____ Supplied material
(* Let $g$ be the pp-wave metric $ds^2=H(u,x^1,x^2)\,du^2+2\,du\,dv+(dx^1)^2+(dx^2)^2$ and let $Y$ be a conformal Killing vector field of $g$, $\mathcal L_Yg=2\omega g$, of the form: there exist smooth functions $a(u),a_1(u),a_2(u),\bar b(u)$ and a constant $\mu$ with $$\omega=\bar b(u)+x^ia_i'(u)-\mu v,\qquad Y^u=\tfrac{\mu}{2}\delta_{ij}x^ix^j+a_i(u)x^i+a(u),$$ $$[\mu x^i+a_i(u)]\,\partial_iH=2\mu H+2a_i''(u)x^i-2a''(u)+4\bar b'(u).$$ For a real constant $c$ define the vector field $f$ by $f^u=0$, $$f^v=\tfrac{u}{2}\left(x^ia_i'(u)-a'(u)+2\bar b(u)-2\mu v\right)+\tfrac12x^ia_i(u)+\tfrac{\mu}{4}\delta_{ij}x^ix^j+\tfrac12a(u)-c\,\tfrac{\mu}{4}u^2,\qquad f^i=-\tfrac{u}{2}\left(\mu x^i+a_i(u)\right),$$ and set $\Upsilon=Y+c\,f$. Then $$\mathcal L_\Upsilon g_{\mu\nu}=2\Omega\left(g_{\mu\nu}+c\,K_{\mu\nu}\right),\qquad \Omega=\omega-\tfrac{c}{2}\mu u,\quad K=du\otimes du .$$ Consequently, for the geodesic Lagrangian $L=\frac{1}{2n}\left(H\dot u^2+2\dot u\dot v+(\dot x^1)^2+(\dot x^2)^2\right)-\frac{m^2}{2}n$, along any solution of its Euler–Lagrange equations on which the (always conserved) momentum $p_v=\dot u/n$ takes a constant value $\pi_v\neq0$, the quantity $I=\Upsilon^\mu p_\mu$ with $c=m^2/\pi_v^2$ is constant.
   Context: Coordinates $(u,v,x^1,x^2)$, indices $i,j=1,2$ are summed with $\delta_{ij}$, $\partial_i=\partial/\partial x^i$, and primes denote $d/du$. $n(\lambda)>0$ is the einbein, dots are $d/d\lambda$, and $p_\mu=\partial L/\partial\dot{\mathrm x}^\mu$. $K=du\otimes du$ equals $\ell\otimes\ell$ with indices lowered, where $\ell=\partial_v$ is the covariantly constant null Killing vector of the pp-wave; thus $K^{\mu\nu}p_\mu p_\nu=p_v^2$. *)

theory Defs
  imports "HOL-Analysis.Analysis"
begin

text \<open>Coordinates on R^4 are indexed by the numeral type 4:
  index 0 = u, 1 = v, 2 = x^1, 3 = x^2. The spacetime is all of R^4.\<close>

definition iu :: 4 where "iu = 0"
definition iv :: 4 where "iv = 1"
definition ix1 :: 4 where "ix1 = 2"
definition ix2 :: 4 where "ix2 = 3"

definition partial :: "4 \<Rightarrow> (real^4 \<Rightarrow> real) \<Rightarrow> real^4 \<Rightarrow> real" where
  "partial i F p = deriv (\<lambda>t. F (p + t *\<^sub>R axis i 1)) 0"

definition smooth4 :: "(real^4 \<Rightarrow> real) \<Rightarrow> bool" where
  "smooth4 F \<longleftrightarrow> (\<forall>is :: 4 list. \<forall>p. (foldr partial is F) differentiable (at p))"

definition smooth1 :: "(real \<Rightarrow> real) \<Rightarrow> bool" where
  "smooth1 f \<longleftrightarrow> (\<forall>k x. ((deriv ^^ k) f) differentiable (at x))"

definition smooth_vf :: "(real^4 \<Rightarrow> real^4) \<Rightarrow> bool" where
  "smooth_vf Y \<longleftrightarrow> (\<forall>i. smooth4 (\<lambda>p. Y p $ i))"

definition Hfun :: "(real \<Rightarrow> real \<Rightarrow> real \<Rightarrow> real) \<Rightarrow> real^4 \<Rightarrow> real" where
  "Hfun H p = H (p $ iu) (p $ ix1) (p $ ix2)"

definition ppg :: "(real \<Rightarrow> real \<Rightarrow> real \<Rightarrow> real) \<Rightarrow> real^4 \<Rightarrow> 4 \<Rightarrow> 4 \<Rightarrow> real" where
  "ppg H p i j =
     (if i = iu \<and> j = iu then Hfun H p
      else if (i = iu \<and> j = iv) \<or> (i = iv \<and> j = iu) then 1
      else if (i = ix1 \<and> j = ix1) \<or> (i = ix2 \<and> j = ix2) then 1
      else 0)"

definition Kdu :: "4 \<Rightarrow> 4 \<Rightarrow> real" where
  "Kdu i j = (if i = iu \<and> j = iu then 1 else 0)"

definition lie_deriv :: "(real^4 \<Rightarrow> real^4) \<Rightarrow> (real^4 \<Rightarrow> 4 \<Rightarrow> 4 \<Rightarrow> real) \<Rightarrow> real^4 \<Rightarrow> 4 \<Rightarrow> 4 \<Rightarrow> real" where
  "lie_deriv Y G p i j =
     (\<Sum>r\<in>UNIV. Y p $ r * partial r (\<lambda>q. G q i j) p)
   + (\<Sum>r\<in>UNIV. G p r j * partial i (\<lambda>q. Y q $ r) p)
   + (\<Sum>r\<in>UNIV. G p i r * partial j (\<lambda>q. Y q $ r) p)"

definition ffield :: "(real \<Rightarrow> real) \<Rightarrow> (real \<Rightarrow> real) \<Rightarrow> (real \<Rightarrow> real) \<Rightarrow> (real \<Rightarrow> real)
    \<Rightarrow> real \<Rightarrow> real \<Rightarrow> real^4 \<Rightarrow> real^4" where
  "ffield a a1 a2 bb \<mu> c p =
     (let u = p $ iu; v = p $ iv; x1 = p $ ix1; x2 = p $ ix2 in
      (\<chi> k. if k = iu then 0
            else if k = iv then
              u / 2 * (x1 * deriv a1 u + x2 * deriv a2 u - deriv a u + 2 * bb u - 2 * \<mu> * v)
              + 1/2 * (x1 * a1 u + x2 * a2 u) + \<mu> / 4 * (x1\<^sup>2 + x2\<^sup>2) + 1/2 * a u
              - c * \<mu> / 4 * u\<^sup>2
            else if k = ix1 then - u / 2 * (\<mu> * x1 + a1 u)
            else - u / 2 * (\<mu> * x2 + a2 u)))"

definition Lgeo :: "(real \<Rightarrow> real \<Rightarrow> real \<Rightarrow> real) \<Rightarrow> real \<Rightarrow> real^4 \<Rightarrow> real^4 \<Rightarrow> real \<Rightarrow> real" where
  "Lgeo H m x xd n =
     1 / (2 * n) * (Hfun H x * (xd $ iu)\<^sup>2 + 2 * (xd $ iu) * (xd $ iv) + (xd $ ix1)\<^sup>2 + (xd $ ix2)\<^sup>2)
     - m\<^sup>2 / 2 * n"

definition dL_dx :: "(real^4 \<Rightarrow> real^4 \<Rightarrow> real \<Rightarrow> real) \<Rightarrow> 4 \<Rightarrow> real^4 \<Rightarrow> real^4 \<Rightarrow> real \<Rightarrow> real" where
  "dL_dx L i x xd n = deriv (\<lambda>t. L (x + t *\<^sub>R axis i 1) xd n) 0"

definition dL_dxd :: "(real^4 \<Rightarrow> real^4 \<Rightarrow> real \<Rightarrow> real) \<Rightarrow> 4 \<Rightarrow> real^4 \<Rightarrow> real^4 \<Rightarrow> real \<Rightarrow> real" where
  "dL_dxd L i x xd n = deriv (\<lambda>t. L x (xd + t *\<^sub>R axis i 1) n) 0"

definition dL_dn :: "(real^4 \<Rightarrow> real^4 \<Rightarrow> real \<Rightarrow> real) \<Rightarrow> real^4 \<Rightarrow> real^4 \<Rightarrow> real \<Rightarrow> real" where
  "dL_dn L x xd n = deriv (\<lambda>s. L x xd s) n"

text \<open>(X, n) solves the Euler-Lagrange equations of L, with velocity Xd = dX/d lambda,
  positive einbein n; momenta p_mu = dL/d(xdot^mu).\<close>
definition EL_solution :: "(real^4 \<Rightarrow> real^4 \<Rightarrow> real \<Rightarrow> real) \<Rightarrow> (real \<Rightarrow> real^4) \<Rightarrow> (real \<Rightarrow> real^4)
    \<Rightarrow> (real \<Rightarrow> real) \<Rightarrow> bool" where
  "EL_solution L X Xd n \<longleftrightarrow>
     (\<forall>t. (X has_vector_derivative Xd t) (at t)) \<and>
     (\<forall>t. n t > 0) \<and>
     (\<forall>i t. ((\<lambda>s. dL_dxd L i (X s) (Xd s) (n s)) has_real_derivative
               dL_dx L i (X t) (Xd t) (n t)) (at t)) \<and>
     (\<forall>t. dL_dn L (X t) (Xd t) (n t) = 0)"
________
_Exercise prompt_. One stretch of the lines above is wanted, from the line that contains "else if (i = iu" through the line that contains "then 1 else". Output it exactly.

_Your solution_.
      else if (i = iu \<and> j = iv) \<or> (i = iv \<and> j = iu) then 1
      else if (i = ix1 \<and> j = ix1) \<or> (i = ix2 \<and> j = ix2) then 1
      else 0)"

definition Kdu :: "4 \<Rightarrow> 4 \<Rightarrow> real" where
  "Kdu i j = (if i = iu \<and> j = iu then 1 else 0)"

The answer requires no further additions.